» **What is being asked**: Only the number is wanted: how many lines of the listing below contain "variation"?

» **Raw data**:
■ ■ ■ ■ ■ ■ ■

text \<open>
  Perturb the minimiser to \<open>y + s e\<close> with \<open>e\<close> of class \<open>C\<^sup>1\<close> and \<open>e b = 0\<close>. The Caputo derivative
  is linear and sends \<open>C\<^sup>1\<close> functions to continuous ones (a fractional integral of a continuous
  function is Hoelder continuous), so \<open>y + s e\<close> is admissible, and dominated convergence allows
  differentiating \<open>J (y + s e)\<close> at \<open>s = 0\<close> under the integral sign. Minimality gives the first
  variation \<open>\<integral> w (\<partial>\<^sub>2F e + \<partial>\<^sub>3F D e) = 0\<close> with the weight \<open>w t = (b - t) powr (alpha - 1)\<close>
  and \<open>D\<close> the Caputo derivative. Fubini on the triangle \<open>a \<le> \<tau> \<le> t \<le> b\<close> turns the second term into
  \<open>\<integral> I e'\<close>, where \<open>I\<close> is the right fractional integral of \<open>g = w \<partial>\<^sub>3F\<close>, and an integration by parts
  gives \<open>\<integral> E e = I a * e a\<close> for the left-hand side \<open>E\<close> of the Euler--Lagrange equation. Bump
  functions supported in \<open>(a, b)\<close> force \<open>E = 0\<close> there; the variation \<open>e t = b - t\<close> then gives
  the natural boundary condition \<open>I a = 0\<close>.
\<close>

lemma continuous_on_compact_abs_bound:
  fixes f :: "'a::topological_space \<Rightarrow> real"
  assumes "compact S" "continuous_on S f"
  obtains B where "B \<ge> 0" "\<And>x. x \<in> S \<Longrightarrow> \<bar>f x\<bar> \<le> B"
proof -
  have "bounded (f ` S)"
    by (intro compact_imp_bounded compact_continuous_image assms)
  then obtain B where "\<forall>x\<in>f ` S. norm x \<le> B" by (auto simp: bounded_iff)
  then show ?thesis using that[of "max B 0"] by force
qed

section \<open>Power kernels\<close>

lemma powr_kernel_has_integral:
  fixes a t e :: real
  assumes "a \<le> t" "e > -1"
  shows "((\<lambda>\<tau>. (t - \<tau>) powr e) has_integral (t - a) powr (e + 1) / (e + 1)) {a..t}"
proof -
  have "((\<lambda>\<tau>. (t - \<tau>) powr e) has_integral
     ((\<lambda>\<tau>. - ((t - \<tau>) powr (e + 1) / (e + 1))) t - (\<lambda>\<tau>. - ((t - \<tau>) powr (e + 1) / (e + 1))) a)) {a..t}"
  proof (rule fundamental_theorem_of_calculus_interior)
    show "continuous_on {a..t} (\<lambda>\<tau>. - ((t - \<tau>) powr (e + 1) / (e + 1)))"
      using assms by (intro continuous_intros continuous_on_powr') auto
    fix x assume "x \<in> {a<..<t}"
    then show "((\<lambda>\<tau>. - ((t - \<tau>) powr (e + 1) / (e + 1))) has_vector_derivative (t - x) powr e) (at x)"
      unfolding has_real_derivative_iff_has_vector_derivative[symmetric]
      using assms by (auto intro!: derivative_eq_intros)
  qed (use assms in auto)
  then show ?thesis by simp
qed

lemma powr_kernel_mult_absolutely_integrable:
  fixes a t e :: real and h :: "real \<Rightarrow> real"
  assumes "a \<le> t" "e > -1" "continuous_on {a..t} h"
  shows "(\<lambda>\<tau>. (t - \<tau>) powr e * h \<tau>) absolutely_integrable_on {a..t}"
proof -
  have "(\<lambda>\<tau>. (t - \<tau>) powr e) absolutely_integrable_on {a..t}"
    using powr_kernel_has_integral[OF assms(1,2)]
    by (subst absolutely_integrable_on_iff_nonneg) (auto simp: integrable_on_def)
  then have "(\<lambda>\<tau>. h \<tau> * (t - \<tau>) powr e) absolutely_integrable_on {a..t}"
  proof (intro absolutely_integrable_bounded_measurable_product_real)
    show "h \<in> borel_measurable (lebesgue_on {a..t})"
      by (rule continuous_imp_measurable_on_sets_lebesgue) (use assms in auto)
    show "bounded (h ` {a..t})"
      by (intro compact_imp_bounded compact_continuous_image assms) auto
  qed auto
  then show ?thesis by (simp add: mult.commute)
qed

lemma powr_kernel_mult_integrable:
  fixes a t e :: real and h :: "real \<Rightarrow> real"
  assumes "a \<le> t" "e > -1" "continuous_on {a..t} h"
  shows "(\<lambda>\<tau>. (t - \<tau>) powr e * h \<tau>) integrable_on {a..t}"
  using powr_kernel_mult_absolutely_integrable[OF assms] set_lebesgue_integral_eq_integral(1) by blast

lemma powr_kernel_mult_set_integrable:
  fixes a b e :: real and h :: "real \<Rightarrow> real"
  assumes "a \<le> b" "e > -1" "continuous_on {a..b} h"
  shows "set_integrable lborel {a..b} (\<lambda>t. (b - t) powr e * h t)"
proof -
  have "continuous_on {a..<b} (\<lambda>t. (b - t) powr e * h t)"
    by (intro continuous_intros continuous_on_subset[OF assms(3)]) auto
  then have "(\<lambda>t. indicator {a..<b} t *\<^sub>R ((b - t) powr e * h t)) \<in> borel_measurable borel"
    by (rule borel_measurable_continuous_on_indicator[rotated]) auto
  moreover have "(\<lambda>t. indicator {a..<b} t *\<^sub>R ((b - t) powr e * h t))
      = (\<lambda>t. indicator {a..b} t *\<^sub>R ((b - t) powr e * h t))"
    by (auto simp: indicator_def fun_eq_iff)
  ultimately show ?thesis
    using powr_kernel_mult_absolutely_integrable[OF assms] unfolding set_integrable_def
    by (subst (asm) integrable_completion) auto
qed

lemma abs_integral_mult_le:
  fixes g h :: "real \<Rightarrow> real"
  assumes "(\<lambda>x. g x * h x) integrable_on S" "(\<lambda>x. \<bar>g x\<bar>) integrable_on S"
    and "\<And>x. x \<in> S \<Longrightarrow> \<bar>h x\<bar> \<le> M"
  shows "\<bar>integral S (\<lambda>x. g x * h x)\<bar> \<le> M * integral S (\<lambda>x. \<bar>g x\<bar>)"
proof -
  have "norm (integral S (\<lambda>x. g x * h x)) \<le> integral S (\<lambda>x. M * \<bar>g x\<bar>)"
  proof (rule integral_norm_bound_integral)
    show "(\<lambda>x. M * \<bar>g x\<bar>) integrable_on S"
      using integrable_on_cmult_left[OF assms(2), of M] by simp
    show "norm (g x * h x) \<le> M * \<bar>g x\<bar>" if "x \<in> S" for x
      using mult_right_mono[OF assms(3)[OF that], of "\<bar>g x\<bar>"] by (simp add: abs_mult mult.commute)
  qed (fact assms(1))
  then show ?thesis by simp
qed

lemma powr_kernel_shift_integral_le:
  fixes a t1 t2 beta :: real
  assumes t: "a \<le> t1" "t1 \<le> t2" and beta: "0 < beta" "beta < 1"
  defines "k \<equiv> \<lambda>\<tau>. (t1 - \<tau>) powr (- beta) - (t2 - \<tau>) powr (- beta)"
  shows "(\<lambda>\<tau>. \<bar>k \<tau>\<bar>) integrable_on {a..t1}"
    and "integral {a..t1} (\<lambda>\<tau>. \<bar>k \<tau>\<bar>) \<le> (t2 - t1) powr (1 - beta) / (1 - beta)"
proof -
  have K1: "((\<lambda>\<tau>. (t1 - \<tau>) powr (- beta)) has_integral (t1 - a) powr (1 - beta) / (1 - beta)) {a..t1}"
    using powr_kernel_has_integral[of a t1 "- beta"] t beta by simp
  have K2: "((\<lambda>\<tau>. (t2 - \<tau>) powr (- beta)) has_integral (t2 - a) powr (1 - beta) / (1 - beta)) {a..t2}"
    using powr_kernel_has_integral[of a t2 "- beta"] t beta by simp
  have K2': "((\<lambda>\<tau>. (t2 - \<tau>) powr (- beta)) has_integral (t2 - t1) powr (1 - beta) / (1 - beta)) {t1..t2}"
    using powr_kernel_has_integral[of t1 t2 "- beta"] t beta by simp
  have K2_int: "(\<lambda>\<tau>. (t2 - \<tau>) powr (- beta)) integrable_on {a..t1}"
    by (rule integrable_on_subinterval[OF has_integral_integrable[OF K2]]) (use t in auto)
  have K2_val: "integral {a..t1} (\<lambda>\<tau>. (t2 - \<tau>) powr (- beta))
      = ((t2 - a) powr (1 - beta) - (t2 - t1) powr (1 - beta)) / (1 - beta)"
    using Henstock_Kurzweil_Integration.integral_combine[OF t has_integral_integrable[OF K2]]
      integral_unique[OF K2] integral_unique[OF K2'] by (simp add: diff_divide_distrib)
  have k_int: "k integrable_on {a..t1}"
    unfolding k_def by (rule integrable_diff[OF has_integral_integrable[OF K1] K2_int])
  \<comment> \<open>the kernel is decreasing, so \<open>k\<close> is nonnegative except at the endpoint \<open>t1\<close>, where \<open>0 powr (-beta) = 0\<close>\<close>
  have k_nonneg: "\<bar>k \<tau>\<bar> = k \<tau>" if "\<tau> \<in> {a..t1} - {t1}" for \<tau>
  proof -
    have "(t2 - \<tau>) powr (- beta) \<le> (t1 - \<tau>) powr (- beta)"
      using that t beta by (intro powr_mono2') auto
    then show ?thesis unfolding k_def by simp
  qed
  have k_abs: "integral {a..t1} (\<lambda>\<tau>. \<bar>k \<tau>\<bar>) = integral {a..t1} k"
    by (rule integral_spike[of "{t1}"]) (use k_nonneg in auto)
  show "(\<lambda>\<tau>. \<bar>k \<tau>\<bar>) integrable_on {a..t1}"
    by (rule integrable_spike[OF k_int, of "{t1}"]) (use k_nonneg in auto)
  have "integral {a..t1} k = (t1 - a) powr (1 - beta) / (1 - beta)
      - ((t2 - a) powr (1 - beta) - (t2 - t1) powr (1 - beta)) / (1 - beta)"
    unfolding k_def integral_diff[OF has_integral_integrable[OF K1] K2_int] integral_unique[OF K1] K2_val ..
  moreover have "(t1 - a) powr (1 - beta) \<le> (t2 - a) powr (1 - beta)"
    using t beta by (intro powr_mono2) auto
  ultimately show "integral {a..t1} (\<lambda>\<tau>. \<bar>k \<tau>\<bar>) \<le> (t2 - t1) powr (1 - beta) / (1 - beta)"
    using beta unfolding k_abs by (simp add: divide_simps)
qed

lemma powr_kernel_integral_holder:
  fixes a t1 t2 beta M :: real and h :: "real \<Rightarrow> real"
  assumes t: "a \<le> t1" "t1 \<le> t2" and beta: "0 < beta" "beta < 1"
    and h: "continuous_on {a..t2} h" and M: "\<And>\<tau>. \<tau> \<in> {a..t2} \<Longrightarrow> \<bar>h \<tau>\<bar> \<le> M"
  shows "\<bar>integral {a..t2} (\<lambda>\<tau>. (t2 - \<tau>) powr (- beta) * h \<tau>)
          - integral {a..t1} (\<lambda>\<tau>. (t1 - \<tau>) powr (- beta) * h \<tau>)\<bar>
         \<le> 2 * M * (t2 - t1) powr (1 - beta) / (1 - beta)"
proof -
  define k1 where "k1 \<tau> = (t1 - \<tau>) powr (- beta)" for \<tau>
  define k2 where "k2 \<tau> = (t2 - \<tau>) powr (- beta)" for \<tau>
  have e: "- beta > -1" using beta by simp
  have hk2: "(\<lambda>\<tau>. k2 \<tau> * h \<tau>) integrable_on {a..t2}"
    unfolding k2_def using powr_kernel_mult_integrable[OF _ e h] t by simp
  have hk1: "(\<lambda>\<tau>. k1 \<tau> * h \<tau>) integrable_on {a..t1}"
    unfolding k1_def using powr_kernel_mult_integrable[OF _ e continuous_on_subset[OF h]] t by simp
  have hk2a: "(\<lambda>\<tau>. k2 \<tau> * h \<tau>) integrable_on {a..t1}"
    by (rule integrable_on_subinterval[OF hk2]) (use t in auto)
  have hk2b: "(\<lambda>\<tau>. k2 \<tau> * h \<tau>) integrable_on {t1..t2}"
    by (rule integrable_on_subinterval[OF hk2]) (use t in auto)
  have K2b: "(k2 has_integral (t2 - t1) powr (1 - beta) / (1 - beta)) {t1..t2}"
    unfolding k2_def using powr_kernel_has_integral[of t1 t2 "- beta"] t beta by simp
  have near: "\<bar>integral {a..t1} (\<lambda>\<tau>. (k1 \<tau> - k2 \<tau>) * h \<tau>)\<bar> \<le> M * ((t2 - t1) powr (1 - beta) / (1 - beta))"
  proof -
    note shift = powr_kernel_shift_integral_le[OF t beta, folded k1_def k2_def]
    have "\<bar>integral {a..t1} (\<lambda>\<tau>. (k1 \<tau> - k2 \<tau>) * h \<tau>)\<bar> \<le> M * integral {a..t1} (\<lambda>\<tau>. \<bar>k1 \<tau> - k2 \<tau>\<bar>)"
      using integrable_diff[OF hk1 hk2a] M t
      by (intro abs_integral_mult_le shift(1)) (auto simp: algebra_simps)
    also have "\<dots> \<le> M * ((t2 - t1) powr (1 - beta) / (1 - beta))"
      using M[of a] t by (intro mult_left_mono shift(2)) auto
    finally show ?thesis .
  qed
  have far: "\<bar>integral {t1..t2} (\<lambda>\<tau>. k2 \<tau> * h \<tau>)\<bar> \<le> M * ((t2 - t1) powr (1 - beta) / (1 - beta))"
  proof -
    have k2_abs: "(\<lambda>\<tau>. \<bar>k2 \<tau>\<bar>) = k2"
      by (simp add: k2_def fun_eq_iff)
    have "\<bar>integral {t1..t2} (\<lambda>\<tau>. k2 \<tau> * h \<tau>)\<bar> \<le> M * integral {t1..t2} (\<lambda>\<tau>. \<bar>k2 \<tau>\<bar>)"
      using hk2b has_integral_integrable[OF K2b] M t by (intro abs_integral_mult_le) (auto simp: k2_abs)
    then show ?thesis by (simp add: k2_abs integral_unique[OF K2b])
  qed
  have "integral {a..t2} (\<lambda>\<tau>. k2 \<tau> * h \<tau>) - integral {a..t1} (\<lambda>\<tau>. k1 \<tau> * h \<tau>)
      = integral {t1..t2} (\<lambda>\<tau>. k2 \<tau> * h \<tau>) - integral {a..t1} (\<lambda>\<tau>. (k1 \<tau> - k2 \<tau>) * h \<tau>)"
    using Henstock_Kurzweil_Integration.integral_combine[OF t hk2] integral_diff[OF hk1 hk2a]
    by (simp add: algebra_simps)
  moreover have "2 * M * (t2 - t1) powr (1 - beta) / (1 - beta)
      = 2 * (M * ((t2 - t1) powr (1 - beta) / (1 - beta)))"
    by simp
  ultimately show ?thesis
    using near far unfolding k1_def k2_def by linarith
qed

■ ■ ■ ■ ■ ■ ■

» **Response**: 2